Hay una emergencia humanitaria y no existe ninguna salida institucional. Nada. Que se queden en sus países plantando árboles es la opción mexicana, que deja de lado las diversas violencias de que están huyendo, incluida, sí, la económica, pero no sólo ésta.

Año con año, el flujo migratorio reconfigura su composición. Sus integrantes, mayormente del género masculino, pasaron a familias completas con niños en brazos, menores de edad sin compañía, mujeres solas. El informe de la Caravana de Acompañamiento Gilberto Bosques Saldívar (en honor al diplomático mexicano que ayudó a los perseguidos por el nazismo y el franquismo), describe la pesadilla del recorrido en su paso por el istmo de Tehuantepec, Oaxaca, donde registraron el hambre, la sed, las altas temperaturas, los pies semidescalzos sobre el concreto, la enfermedad y la desesperación.
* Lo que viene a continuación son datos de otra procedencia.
(* Let $\rho\ge1$, $n\ge1$, $\alpha,\beta>-1$. (i) If $\alpha>\beta$ and $\alpha+\beta\ge-1$, then $\max_{z\in\mathcal{E}_\rho}|P_n^{(\alpha,\beta)}(z)|=P_n^{(\alpha,\beta)}\big(\tfrac12(\rho+\rho^{-1})\big)$, and the maximum is attained only at $z=\tfrac12(\rho+\rho^{-1})$. (ii) If $\alpha<\beta$ and $\alpha+\beta\ge-1$, then $\max_{z\in\mathcal{E}_\rho}|P_n^{(\alpha,\beta)}(z)|=\big|P_n^{(\alpha,\beta)}\big(-\tfrac12(\rho+\rho^{-1})\big)\big|$, and the maximum is attained only at $z=-\tfrac12(\rho+\rho^{-1})$. (iii) If $\alpha=\beta\ge-\tfrac12$, then $\max_{z\in\mathcal{E}_\rho}|P_n^{(\alpha,\beta)}(z)|=\big|P_n^{(\alpha,\beta)}\big(\pm\tfrac12(\rho+\rho^{-1})\big)\big|$ (attained at both endpoints of the major axis); if moreover $\alpha=\beta>-\tfrac12$, the maximum is attained only at these two points.
   Context: $P_n^{(\alpha,\beta)}$ is the Jacobi polynomial $2^{-n}\sum_{k=0}^n\binom{n+\alpha}{n-k}\binom{n+\beta}{k}(x-1)^k(x+1)^{n-k}$. The Bernstein ellipse is $\mathcal{E}_\rho=\{\tfrac12(u+u^{-1}): u=\rho e^{i\theta},\ 0\le\theta<2\pi\}$ for $\rho\ge1$ (foci $\pm1$, semi-axes $\tfrac12(\rho\pm\rho^{-1})$). *)

theory Defs
  imports "HOL-Analysis.Analysis"
begin

definition jacobiP :: "nat \<Rightarrow> real \<Rightarrow> real \<Rightarrow> complex \<Rightarrow> complex" where
  "jacobiP n a b z = (1 / 2 ^ n) * (\<Sum>k\<le>n.
      complex_of_real (((real n + a) gchoose (n - k)) * ((real n + b) gchoose k))
      * (z - 1) ^ k * (z + 1) ^ (n - k))"

definition bernstein_ellipse :: "real \<Rightarrow> complex set" where
  "bernstein_ellipse \<rho> =
     {(u + inverse u) / 2 | u. \<exists>\<theta>. 0 \<le> \<theta> \<and> \<theta> < 2 * pi \<and> u = complex_of_real \<rho> * cis \<theta>}"

end

theory Submission
  imports Defs "HOL-Computational_Algebra.Polynomial"
begin

text \<open>
  Under \<open>z = (u + u\<^sup>-\<^sup>1)/2\<close> the circle \<open>|u| = \<rho>\<close> is mapped onto the Bernstein ellipse, and
  \<open>(4u)^n P_n^(\<alpha>,\<beta>)(z) = Q(u)\<close> where
  \<open>Q(u) = \<Sum>\<^sub>k binom(n+\<alpha>, n-k) binom(n+\<beta>, k) (u - 1)^(2k) (u + 1)^(2(n-k))\<close>
  is a palindromic polynomial of degree \<open>2n\<close>. Transported to \<open>u\<close>, the Jacobi differential
  equation becomes a three-term recurrence for the coefficients \<open>q\<^sub>j\<close> of \<open>Q\<close>. When
  \<open>\<alpha> \<ge> \<beta>\<close> and \<open>\<alpha> + \<beta> \<ge> -1\<close> it carries \<open>q\<^sub>0 > 0\<close> over to \<open>q\<^sub>j \<ge> 0\<close> for \<open>j \<le> n\<close>,
  and palindromy gives the other half. Hence \<open>|Q(u)| \<le> Q(\<rho>)\<close> on \<open>|u| = \<rho>\<close>, and equality
  forces every term \<open>q\<^sub>j u^j\<close> to be a nonnegative real. As \<open>q\<^sub>1 > 0\<close> for \<open>\<alpha> > \<beta>\<close> and
  \<open>q\<^sub>2 > 0\<close> for \<open>\<alpha> = \<beta> > -1/2\<close>, this means \<open>u = \<rho>\<close>, respectively \<open>u\<^sup>2 = \<rho>\<^sup>2\<close>.
  The case \<open>\<alpha> < \<beta>\<close> follows from \<open>P_n^(\<alpha>,\<beta>)(-z) = (-1)^n P_n^(\<beta>,\<alpha>)(z)\<close>.
\<close>

section \<open>The polynomial \<open>Q\<close> and its differential equation\<close>

definition pX :: "real poly" where "pX = [:0, 1:]"
definition pXm1 :: "real poly" where "pXm1 = [:-1, 1:]"
definition pXp1 :: "real poly" where "pXp1 = [:1, 1:]"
Las cámaras y flashes estaban en Washington cuando la brigada de acompañamiento atestiguó “la negociación de estira y afloja entre la Guardia Nacional y los migrantes… La Guardia acusa de ilegalidad el traslado de personas en camiones y tráileres y reitera que abrirá el paso sólo si se bajan y siguen su camino a pie. En tanto, la caravana acusa a la Guardia y al Grupo Beta de que es ilegal la obstrucción de su derecho de tránsito”, pero parece que el argumento de la ilegalidad es de uso exclusivo del Estado, y los obstáculos persisten. Se trata, en esta etapa, de contenerlos y disuadirlos.

México, dicen, ya no será el patio trasero de Estados Unidos. Pero los hechos confirman lo contrario.